— Brief —
Your answer should be the data below, reproduced with nothing changed.

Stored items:

※

definition chordal :: "'a set set \<Rightarrow> bool" where
  "chordal X \<longleftrightarrow> \<not> (\<exists>cs. induced_cycle X cs \<and> length cs > 3)"

end

theory Submission imports Defs begin

text \<open>Write L for the Alexander dual of K. In the 1-skeleton of Bier(K) the pairs ij of [m] span
  edges iff ij \<in> K, the pairs i'j' of [m'] iff ij \<in> L, and i is joined to j' iff i
  \<noteq> j and both are vertices. If K has no edges, then for m \<ge> 4 the complement of any
  pair contains an edge and so is not a face of K; hence every pair is a face of L, and the
  1-skeleton is a split graph (an independent set [m] plus a clique [m']), which is chordal. The
  case without edges in L is symmetric. Conversely, given an edge of K and an edge of L, a case
  analysis on how they meet always yields an induced 4-cycle; in the hardest case a fourth
  vertex, available since m \<ge> 4, is needed.\<close>

lemma has_edge_iff: "has_edge X \<longleftrightarrow> (\<exists>x y. x \<noteq> y \<and> {x, y} \<in> X)"
  unfolding has_edge_def by (metis card_2_iff)

lemma pair_notin_if_not_has_edge: "\<not> has_edge X \<Longrightarrow> x \<noteq> y \<Longrightarrow> {x, y} \<notin> X"
  using has_edge_iff by blast

lemma adjacent_commute: "adjacent X u v \<longleftrightarrow> adjacent X v u"
  by (auto simp: adjacent_def insert_commute)

lemma not_chordal_if_induced_square:
  assumes "distinct [a, b, c, d]"
    and "adjacent X a b" "adjacent X b c" "adjacent X c d" "adjacent X d a"
    and "\<not> adjacent X a c" "\<not> adjacent X b d"
  shows "\<not> chordal X"
proof -
  have "induced_cycle X [a, b, c, d]"
    using assms adjacent_commute[of X] unfolding induced_cycle_def
    by (auto simp: less_Suc_eq adjacent_def)
  then show ?thesis unfolding chordal_def by fastforce
qed

definition split_clique :: "'a set set \<Rightarrow> 'a set \<Rightarrow> bool" where
  "split_clique X C \<longleftrightarrow>
     (\<forall>u v. adjacent X u v \<longrightarrow> u \<in> C \<or> v \<in> C) \<and> (\<forall>u\<in>C. \<forall>v\<in>C. u \<noteq> v \<longrightarrow> adjacent X u v)"

lemma split_clique_mem_if_neighbours_nonadjacent:
  assumes "split_clique X C" "adjacent X u v" "adjacent X u w" "v \<noteq> w" "\<not> adjacent X v w"
  shows "u \<in> C"
  using assms unfolding split_clique_def by blast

※

— Response for this exercise —
definition chordal :: "'a set set \<Rightarrow> bool" where
  "chordal X \<longleftrightarrow> \<not> (\<exists>cs. induced_cycle X cs \<and> length cs > 3)"

end

theory Submission imports Defs begin

text \<open>Write L for the Alexander dual of K. In the 1-skeleton of Bier(K) the pairs ij of [m] span
  edges iff ij \<in> K, the pairs i'j' of [m'] iff ij \<in> L, and i is joined to j' iff i
  \<noteq> j and both are vertices. If K has no edges, then for m \<ge> 4 the complement of any
  pair contains an edge and so is not a face of K; hence every pair is a face of L, and the
  1-skeleton is a split graph (an independent set [m] plus a clique [m']), which is chordal. The
  case without edges in L is symmetric. Conversely, given an edge of K and an edge of L, a case
  analysis on how they meet always yields an induced 4-cycle; in the hardest case a fourth
  vertex, available since m \<ge> 4, is needed.\<close>

lemma has_edge_iff: "has_edge X \<longleftrightarrow> (\<exists>x y. x \<noteq> y \<and> {x, y} \<in> X)"
  unfolding has_edge_def by (metis card_2_iff)

lemma pair_notin_if_not_has_edge: "\<not> has_edge X \<Longrightarrow> x \<noteq> y \<Longrightarrow> {x, y} \<notin> X"
  using has_edge_iff by blast

lemma adjacent_commute: "adjacent X u v \<longleftrightarrow> adjacent X v u"
  by (auto simp: adjacent_def insert_commute)

lemma not_chordal_if_induced_square:
  assumes "distinct [a, b, c, d]"
    and "adjacent X a b" "adjacent X b c" "adjacent X c d" "adjacent X d a"
    and "\<not> adjacent X a c" "\<not> adjacent X b d"
  shows "\<not> chordal X"
proof -
  have "induced_cycle X [a, b, c, d]"
    using assms adjacent_commute[of X] unfolding induced_cycle_def
    by (auto simp: less_Suc_eq adjacent_def)
  then show ?thesis unfolding chordal_def by fastforce
qed

definition split_clique :: "'a set set \<Rightarrow> 'a set \<Rightarrow> bool" where
  "split_clique X C \<longleftrightarrow>
     (\<forall>u v. adjacent X u v \<longrightarrow> u \<in> C \<or> v \<in> C) \<and> (\<forall>u\<in>C. \<forall>v\<in>C. u \<noteq> v \<longrightarrow> adjacent X u v)"

lemma split_clique_mem_if_neighbours_nonadjacent:
  assumes "split_clique X C" "adjacent X u v" "adjacent X u w" "v \<noteq> w" "\<not> adjacent X v w"
  shows "u \<in> C"
  using assms unfolding split_clique_def by blast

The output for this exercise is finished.